Data
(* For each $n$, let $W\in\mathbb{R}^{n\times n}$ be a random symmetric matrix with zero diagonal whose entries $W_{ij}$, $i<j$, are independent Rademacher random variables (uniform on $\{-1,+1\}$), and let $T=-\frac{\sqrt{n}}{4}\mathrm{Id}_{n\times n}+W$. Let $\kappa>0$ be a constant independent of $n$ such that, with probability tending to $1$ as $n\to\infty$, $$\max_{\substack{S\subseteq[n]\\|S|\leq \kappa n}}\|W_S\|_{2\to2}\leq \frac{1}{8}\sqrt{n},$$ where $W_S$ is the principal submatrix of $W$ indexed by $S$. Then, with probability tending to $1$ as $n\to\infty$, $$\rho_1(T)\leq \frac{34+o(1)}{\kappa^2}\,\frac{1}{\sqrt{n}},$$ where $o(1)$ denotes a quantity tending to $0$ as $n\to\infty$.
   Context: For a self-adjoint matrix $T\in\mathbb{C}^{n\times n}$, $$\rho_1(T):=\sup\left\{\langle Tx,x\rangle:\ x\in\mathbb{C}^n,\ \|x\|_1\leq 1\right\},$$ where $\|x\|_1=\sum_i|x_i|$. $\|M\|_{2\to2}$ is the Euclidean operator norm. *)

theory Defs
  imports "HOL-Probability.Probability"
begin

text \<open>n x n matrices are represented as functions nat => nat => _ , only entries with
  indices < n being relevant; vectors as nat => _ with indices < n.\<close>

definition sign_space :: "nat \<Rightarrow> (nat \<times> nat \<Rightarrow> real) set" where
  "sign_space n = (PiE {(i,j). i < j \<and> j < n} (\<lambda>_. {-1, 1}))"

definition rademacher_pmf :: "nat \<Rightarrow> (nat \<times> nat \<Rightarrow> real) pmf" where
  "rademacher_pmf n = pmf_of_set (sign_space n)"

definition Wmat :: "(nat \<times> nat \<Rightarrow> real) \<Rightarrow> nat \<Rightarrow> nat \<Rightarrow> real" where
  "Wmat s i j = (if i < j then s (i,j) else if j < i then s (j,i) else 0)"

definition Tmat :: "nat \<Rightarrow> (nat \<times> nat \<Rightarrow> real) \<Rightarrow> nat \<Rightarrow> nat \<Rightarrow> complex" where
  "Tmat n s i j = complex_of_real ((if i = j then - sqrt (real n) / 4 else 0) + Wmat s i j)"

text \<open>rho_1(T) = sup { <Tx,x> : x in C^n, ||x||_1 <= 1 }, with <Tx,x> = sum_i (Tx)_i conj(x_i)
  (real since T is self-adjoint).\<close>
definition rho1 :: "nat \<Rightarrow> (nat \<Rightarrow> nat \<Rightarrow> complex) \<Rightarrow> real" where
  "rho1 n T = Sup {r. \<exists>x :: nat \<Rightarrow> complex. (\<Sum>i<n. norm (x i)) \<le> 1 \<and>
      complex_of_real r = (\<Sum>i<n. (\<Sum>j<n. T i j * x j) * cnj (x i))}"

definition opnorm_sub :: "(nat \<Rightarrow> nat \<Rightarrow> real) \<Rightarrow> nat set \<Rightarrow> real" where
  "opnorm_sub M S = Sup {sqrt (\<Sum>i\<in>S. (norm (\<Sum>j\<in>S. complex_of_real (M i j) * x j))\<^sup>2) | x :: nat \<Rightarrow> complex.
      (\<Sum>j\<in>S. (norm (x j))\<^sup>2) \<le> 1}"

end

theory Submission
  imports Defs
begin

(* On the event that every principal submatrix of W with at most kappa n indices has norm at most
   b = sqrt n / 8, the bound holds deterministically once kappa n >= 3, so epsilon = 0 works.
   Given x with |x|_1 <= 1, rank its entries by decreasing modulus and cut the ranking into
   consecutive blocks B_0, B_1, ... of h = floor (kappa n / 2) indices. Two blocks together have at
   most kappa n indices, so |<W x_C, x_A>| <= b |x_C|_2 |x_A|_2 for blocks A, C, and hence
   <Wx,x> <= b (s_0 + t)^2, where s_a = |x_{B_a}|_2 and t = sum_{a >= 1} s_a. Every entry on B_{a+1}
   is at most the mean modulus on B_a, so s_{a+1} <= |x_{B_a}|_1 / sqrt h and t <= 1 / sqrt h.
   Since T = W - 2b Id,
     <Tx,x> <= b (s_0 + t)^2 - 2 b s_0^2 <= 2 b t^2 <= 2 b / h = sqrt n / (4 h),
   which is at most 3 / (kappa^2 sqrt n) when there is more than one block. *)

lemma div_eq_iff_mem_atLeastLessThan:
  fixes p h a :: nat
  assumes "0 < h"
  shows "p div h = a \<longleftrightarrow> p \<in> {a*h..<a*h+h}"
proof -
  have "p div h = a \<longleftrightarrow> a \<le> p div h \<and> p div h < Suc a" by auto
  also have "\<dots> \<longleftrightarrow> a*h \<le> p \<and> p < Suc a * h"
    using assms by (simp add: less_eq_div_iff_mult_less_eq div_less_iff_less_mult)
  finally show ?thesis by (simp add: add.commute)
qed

Your instructions
A copy of each line in the data above that holds the string "Wmat" is needed.

Answer space
definition Wmat :: "(nat \<times> nat \<Rightarrow> real) \<Rightarrow> nat \<Rightarrow> nat \<Rightarrow> real" where
  "Wmat s i j = (if i < j then s (i,j) else if j < i then s (j,i) else 0)"
  "Tmat n s i j = complex_of_real ((if i = j then - sqrt (real n) / 4 else 0) + Wmat s i j)"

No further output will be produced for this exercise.